Prediction or Condition-based Maintenance
Oil and Gas
Power and Water
Anticipating machines failures before they actually happen through predictive analytics
Predictive maintenance prevents unnecessary repairs, maximizes effective asset lifetime, and significantly reduces major failures and downtime. This results in cost savings with an increased return on investment and customer satisfaction. Providing predictive maintenance at the edge and sending only relevant data to the cloud is a lower cost alternative to cloud-only based solutions. It provides real-time actionable insight with extremely low latency and substantially lowers data transfer and storage costs.

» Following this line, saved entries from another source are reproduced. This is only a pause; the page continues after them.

lemma golay_punctured_dist:
  assumes "golay_code G" "c \<in> G" "c' \<in> G" "c \<noteq> c'"
  shows "7 \<le> card (vadd (c - {y}) (c' - {y}))"
proof -
  have fin: "finite c" "finite c'"
    using golay_word_finite assms(1-3) by auto
  let ?D = "vadd (c - {y}) (c' - {y})"
  have "finite ?D"
    using fin by simp
  have "card (vadd c c') \<le> card (insert y ?D)"
    by (rule card_mono) (use \<open>finite ?D\<close> in \<open>auto simp: vadd_def\<close>)
  also have "\<dots> \<le> card ?D + 1"
    using \<open>finite ?D\<close> by (simp add: card_insert_if)
  finally show ?thesis
    using golay_dist[OF assms] by linarith
qed

lemma sum_23_choose_le_3: "(\<Sum>i\<le>3. (23::nat) choose i) = 2^11"
proof -
  have "3 * (23 choose 3) = 23 * ((22::nat) choose 2)"
    using times_binomial_minus1_eq[of 3 23] by simp
  then show ?thesis
    by (simp add: atMost_nat_numeral choose_two)
qed

text \<open>Sphere packing: the 2^12 radius-3 balls around the punctured codewords are disjoint
  and have 2^11 points each, so they fill all of 2^23.\<close>

lemma golay_punctured_covering:
  assumes G: "golay_code G" and y: "y \<in> {1..24::nat}" and X: "X \<subseteq> {1..24} - {y}"
  shows "\<exists>c\<in>G. card (vadd X (c - {y})) \<le> 3"
proof -
  define U where "U = {1..24::nat} - {y}"
  define B where "B c = {x \<in> Pow U. card (vadd x (c - {y})) \<le> 3}" for c
  have fU: "finite U" and cU: "card U = 23"
    using y unfolding U_def by auto
  have cG: "card G = 2^12" and fG: "finite G"
    using G unfolding golay_code_def by (auto intro: card_ge_0_finite)
  have card_B: "card (B c) = 2^11" if "c \<in> G" for c
  proof -
    have "c - {y} \<subseteq> U"
      using golay_word_subset[OF G that] unfolding U_def by blast
    then show ?thesis
      using card_hamming_ball[OF fU, of "c - {y}" 3] cU sum_23_choose_le_3 by (simp add: B_def)
  qed
  have disjoint: "B c \<inter> B c' = {}" if "c \<in> G" "c' \<in> G" "c \<noteq> c'" for c c'
  proof (rule ccontr)
    assume "B c \<inter> B c' \<noteq> {}"
    then obtain x where x: "x \<in> B c" "x \<in> B c'" by blast
    have "finite x"
      using x fU unfolding B_def by (auto intro: finite_subset)
    moreover have "finite (c - {y})" "finite (c' - {y})"
      using golay_word_finite[OF G] that by auto
    ultimately have "card (vadd (c - {y}) (c' - {y}))
        \<le> card (vadd x (c - {y})) + card (vadd x (c' - {y}))"
      using card_vadd_triangle[of "c - {y}" x "c' - {y}"] by (simp add: vadd_commute)
    then have "card (vadd (c - {y}) (c' - {y})) \<le> 6"
      using x by (simp add: B_def)
    with golay_punctured_dist[OF G that, of y] show False by linarith
  qed
  have "card (\<Union>(B ` G)) = (\<Sum>c\<in>G. card (B c))"
    by (rule card_UN_disjoint) (use fG disjoint fU in \<open>auto simp: B_def intro: finite_subset\<close>)
  also have "\<dots> = card (Pow U)"
    using card_B cG cU fU by (simp add: card_Pow)
  finally have "\<Union>(B ` G) = Pow U"
    using fU by (intro card_subset_eq) (auto simp: B_def)
  then show ?thesis
    using X unfolding B_def U_def by auto
qed
(* Assume the setup and monomial order in the context. For every $v\in M$ and all $j_1,j_2,i_1,i_2\in[n]$, the monomial $v_{j_1,i_1}v^\dagger_{i_2,j_2}$ does not lie in $\mathrm{Tip}(I)$ if and only if $(i_1,i_2)\ne(n,1)$ and $(j_1,j_2)\ne(n,1)$.
   Context: Let $k$ be a field and $n\ge 2$ an integer; write $[n]=\{1,\dots,n\}$ and $r(i)=n+1-i$. Let $X=\{u_{j,i},u^*_{j,i}:(j,i)\in[n]^2\}$ be a set of $2n^2$ distinct symbols and let $*$ be the involution of $X$ exchanging $u_{j,i}$ and $u^*_{j,i}$. Let $k\langle X\rangle$ be the free unital $k$-algebra on $X$. For an $n\times n$ matrix $v=(v_{j,i})$ with entries in $X$ define $n\times n$ matrices $v^t,v^\star,v^\dagger$ with entries in $X$ by $v^t_{j,i}=v_{i,j}$, $v^\star_{j,i}=(v_{r(j),r(i)})^*$, $v^\dagger_{j,i}=(v_{r(i),r(j)})^*$. Let $u=(u_{j,i})$ and $M=\{u,u^t,u^\star,u^\dagger\}$. Let $I$ be the two-sided ideal generated by $R=\{\sum_{s=1}^n v_{j,r(s)}v^\dagger_{s,r(i)}-\delta_{j,i}1: v\in M,(j,i)\in[n]^2\}$. Monomial order: let $\le$ be the total order on $X$ with $u^*_{t,s}<u_{j,i}$ for all indices, $u_{t,s}<u_{j,i}$ iff $(t,s)<(j,i)$ lexicographically, and $u^*_{t,s}<u^*_{j,i}$ iff $(j,i)<(t,s)$ lexicographically; extend it degree-lexicographically to monomials. For $0\ne p\in k\langle X\rangle$, $\mathrm{tip}(p)$ is the $\le$-largest monomial with nonzero coefficient in $p$; $\mathrm{Tip}(I)=\{\mathrm{tip}(p):0\ne p\in I\}$. *)

theory Defs
  imports Main
begin
lemma has_padic_val_mult:
  assumes "prime p" "has_padic_val p v x" "has_padic_val p v' y"
  shows "has_padic_val p (v + v') (x * y)"
proof -
  obtain u w where uw: "\<not> int p dvd u" "\<not> int p dvd w" "x = of_int u / of_int w * real p powi v"
    using assms(2) unfolding has_padic_val_def by blast
  obtain u' w' where uw': "\<not> int p dvd u'" "\<not> int p dvd w'"
      "y = of_int u' / of_int w' * real p powi v'"
    using assms(3) unfolding has_padic_val_def by blast
  have "x * y = of_int (u * u') / of_int (w * w') * real p powi (v + v')"
    using uw uw' prime_gt_0_nat[OF assms(1)] by (simp add: power_int_add)
  moreover have "\<not> int p dvd u * u'" "\<not> int p dvd w * w'"
    using uw uw' assms(1) by (simp_all add: prime_dvd_mult_iff)
  ultimately show ?thesis
    unfolding has_padic_val_def by blast
qed

lemma has_padic_val_one: "prime p \<Longrightarrow> has_padic_val p 0 1"
  unfolding has_padic_val_def by (rule exI[of _ 1], rule exI[of _ 1]) (auto simp: prime_gt_1_nat)

lemma has_padic_val_power:
  assumes "prime p" "has_padic_val p v x"
  shows "has_padic_val p (int n * v) (x ^ n)"
  by (induction n) (auto simp: algebra_simps has_padic_val_one assms(1)
      dest: has_padic_val_mult[OF assms])

lemma has_padic_val_prod:
  assumes "prime p" "finite A" "\<And>i. i \<in> A \<Longrightarrow> has_padic_val p (v i) (f i)"
  shows "has_padic_val p (\<Sum>i\<in>A. v i) (\<Prod>i\<in>A. f i)"
  using assms(2,3)
  by (induction A rule: finite_induct)
     (auto simp: has_padic_val_one[OF assms(1)] dest: has_padic_val_mult[OF assms(1)])

lemma has_padic_val_add:
  assumes "prime p" "has_padic_val p v x" "padic_val_ge p (v + 1) y"
  shows "has_padic_val p v (x + y)"
proof -
  obtain u w where uw: "\<not> int p dvd u" "\<not> int p dvd w" "x = of_int u / of_int w * real p powi v"
    using assms(2) unfolding has_padic_val_def by blast
  obtain u' w' where uw': "\<not> int p dvd w'" "y = of_int u' / of_int w' * real p powi (v + 1)"
    using assms(3) unfolding padic_val_ge_def by blast
  have "w \<noteq> 0" "w' \<noteq> 0"
    using uw(2) uw'(1) by auto
  then have "x + y = of_int (u * w' + u' * int p * w) / of_int (w * w') * real p powi v"
    using uw(3) uw'(2) prime_gt_0_nat[OF assms(1)] by (simp add: field_simps power_int_add)
  moreover have "\<not> int p dvd w * w'" "\<not> int p dvd u * w' + u' * int p * w"
    using uw uw' assms(1) by (simp_all add: prime_dvd_mult_iff dvd_add_left_iff)
  ultimately show ?thesis
    unfolding has_padic_val_def by blast
qed

lemma has_padic_val_inverse:
  assumes "prime p" "has_padic_val p v x"
  shows "has_padic_val p (- v) (1 / x)"
proof -
  obtain u w where uw: "\<not> int p dvd u" "\<not> int p dvd w" "x = of_int u / of_int w * real p powi v"
    using assms(2) unfolding has_padic_val_def by blast
  have "u \<noteq> 0"
    using uw(1) by auto
  then have "1 / x = of_int w / of_int u * real p powi (- v)"
    using uw(3) by (simp add: power_int_minus field_simps)
  then show ?thesis
    unfolding has_padic_val_def using uw(1,2) by blast
qed

lemma has_padic_val_of_int:
  assumes "prime p" "c \<noteq> 0"
  shows "has_padic_val p (int (nu p c)) (of_int c)"
proof -
  have "\<not> is_unit (int p)"
    using prime_gt_1_nat[OF assms(1)] by simp
  then obtain y where y: "c = int p ^ nu p c * y" "\<not> int p dvd y"
    unfolding nu_def using multiplicity_decompose'[OF assms(2)] by metis
  have "real_of_int c = of_int y / of_int 1 * real p powi int (nu p c)"
    by (subst (1) y(1)) (simp add: power_int_of_nat)
  then show ?thesis
    unfolding has_padic_val_def using y(2) \<open>\<not> is_unit (int p)\<close> by blast
qed

lemma padic_val_ge_divide_int:
  assumes "prime p" "a \<noteq> 0"
  shows "padic_val_ge p (- int (nu p a)) (of_int b / of_int a)"
proof -
  have "padic_val_ge p (0 + - int (nu p a)) (of_int b * (1 / of_int a))"
    using assms
    by (intro padic_val_ge_mult padic_val_ge_of_int has_padic_val_imp_ge
        has_padic_val_inverse has_padic_val_of_int)
  then show ?thesis
    by simp
qed

lemma has_padic_val_divide_int:
  assumes "prime p" "a \<noteq> 0" "\<not> int p dvd b"
  shows "has_padic_val p (- int (nu p a)) (of_int b / of_int a)"
proof -
  have "b \<noteq> 0" "nu p b = 0"
    using assms(3) by (auto simp: nu_def not_dvd_imp_multiplicity_0)
  then have "has_padic_val p (int (nu p b) + - int (nu p a)) (of_int b * (1 / of_int a))"
    using assms(1,2)
    by (intro has_padic_val_mult has_padic_val_inverse has_padic_val_of_int)
  then show ?thesis
    using \<open>nu p b = 0\<close> by simp
qed

lemma has_padic_val_sum_Min:
  assumes p: "prime p" and "finite S" "S \<noteq> {}" "inj_on f S"
    and val: "\<And>e. e \<in> S \<Longrightarrow> has_padic_val p (f e) (T e)"
  shows "has_padic_val p (Min (f ` S)) (\<Sum>e\<in>S. T e)"
proof -
  have "Min (f ` S) \<in> f ` S"
    using assms(2,3) by simp
  then obtain e0 where e0: "e0 \<in> S" "f e0 = Min (f ` S)"
    by auto
  have "padic_val_ge p (f e0 + 1) (\<Sum>e\<in>S-{e0}. T e)"
  proof (rule padic_val_ge_sum[OF p])
    fix e
    assume e: "e \<in> S - {e0}"
    then have "f e0 < f e"
      using e0 Min_le[of "f ` S" "f e"] inj_onD[OF assms(4), of e e0] assms(2) by fastforce
    then show "padic_val_ge p (f e0 + 1) (T e)"
      using padic_val_ge_mono[OF p has_padic_val_imp_ge[OF val]] e by auto
  qed
  then have "has_padic_val p (f e0) (T e0 + (\<Sum>e\<in>S-{e0}. T e))"
    using has_padic_val_add[OF p val[OF e0(1)]] by blast
  then show ?thesis
    using e0 assms(2) by (simp add: sum.remove)
qed

lemma psum_has_padic_val:
  fixes a b :: "nat \<Rightarrow> int"
  assumes p: "prime p"
    and nz: "\<forall>n\<in>{1..N}. a n \<noteq> 0"
    and cop: "\<forall>n\<in>{1..N}. \<not> int p dvd gcd (a n) (b n)"
    and uniq: "\<exists>!n. n \<in> {1..N} \<and> nu p (a n) = maxnu p a N"
    and pos: "maxnu p a N \<ge> 1"
  shows "has_padic_val p (- int (maxnu p a N)) (psum a b N)"
proof -
  define M where "M = maxnu p a N"
  obtain n0 where n0: "n0 \<in> {1..N}" "nu p (a n0) = M"
    and n0_unique: "\<And>n. n \<in> {1..N} \<Longrightarrow> nu p (a n) = M \<Longrightarrow> n = n0"
    using uniq unfolding M_def by blast
  have nu_le: "nu p (a n) \<le> M" if "n \<in> {1..N}" for n
    unfolding M_def maxnu_def by (rule Max_ge) (use that in auto)
  have "int p dvd a n0"
    using multiplicity_dvd'[of 1 "int p" "a n0"] n0 pos unfolding M_def nu_def by simp
  then have "\<not> int p dvd b n0"
    using cop n0(1) by auto
  then have "has_padic_val p (- int M) (of_int (b n0) / of_int (a n0))"
    using has_padic_val_divide_int[OF p] nz n0 by auto
  moreover have "padic_val_ge p (- int M + 1) (\<Sum>n\<in>{1..N}-{n0}. of_int (b n) / of_int (a n))"
  proof (rule padic_val_ge_sum[OF p])
    fix n
    assume n: "n \<in> {1..N} - {n0}"
    then have "nu p (a n) < M"
      using nu_le[of n] n0_unique[of n] by force
    then show "padic_val_ge p (- int M + 1) (of_int (b n) / of_int (a n))"
      using padic_val_ge_mono[OF p padic_val_ge_divide_int[OF p]] nz n by auto
  qed
  ultimately have "has_padic_val p (- int M)
      (of_int (b n0) / of_int (a n0) + (\<Sum>n\<in>{1..N}-{n0}. of_int (b n) / of_int (a n)))"
    using has_padic_val_add[OF p] by simp
  then show ?thesis
    unfolding M_def psum_def using n0(1) by (simp add: sum.remove)
qed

The Electric Submersible Pump (ESP) is a long in-ground piece of equipment at the center of an oil well extracting oil from the bottom of the well and pumping it to the surface. Failure of an ESP will stop the entire operation which can take time and result in costly repairs and loss of revenue. An edge predictive maintenance solution can monitor the operational data gathered from the ESP and apply advanced analytics in real-time to predict failures. If a potential failure is detected, the system can automatically stop the pump to prevent damage as well as alert operations to repair or replace the ESP based on current machine health and maintenance models developed by the operators of the ESP. An edge solution can reduce the cost of data transfer to the cloud by preprocessing real-time data at the edge and sending only relevant data to the cloud. It also provides real-time availability without requiring an uninterrupted network connection that cloud-based solutions depend on.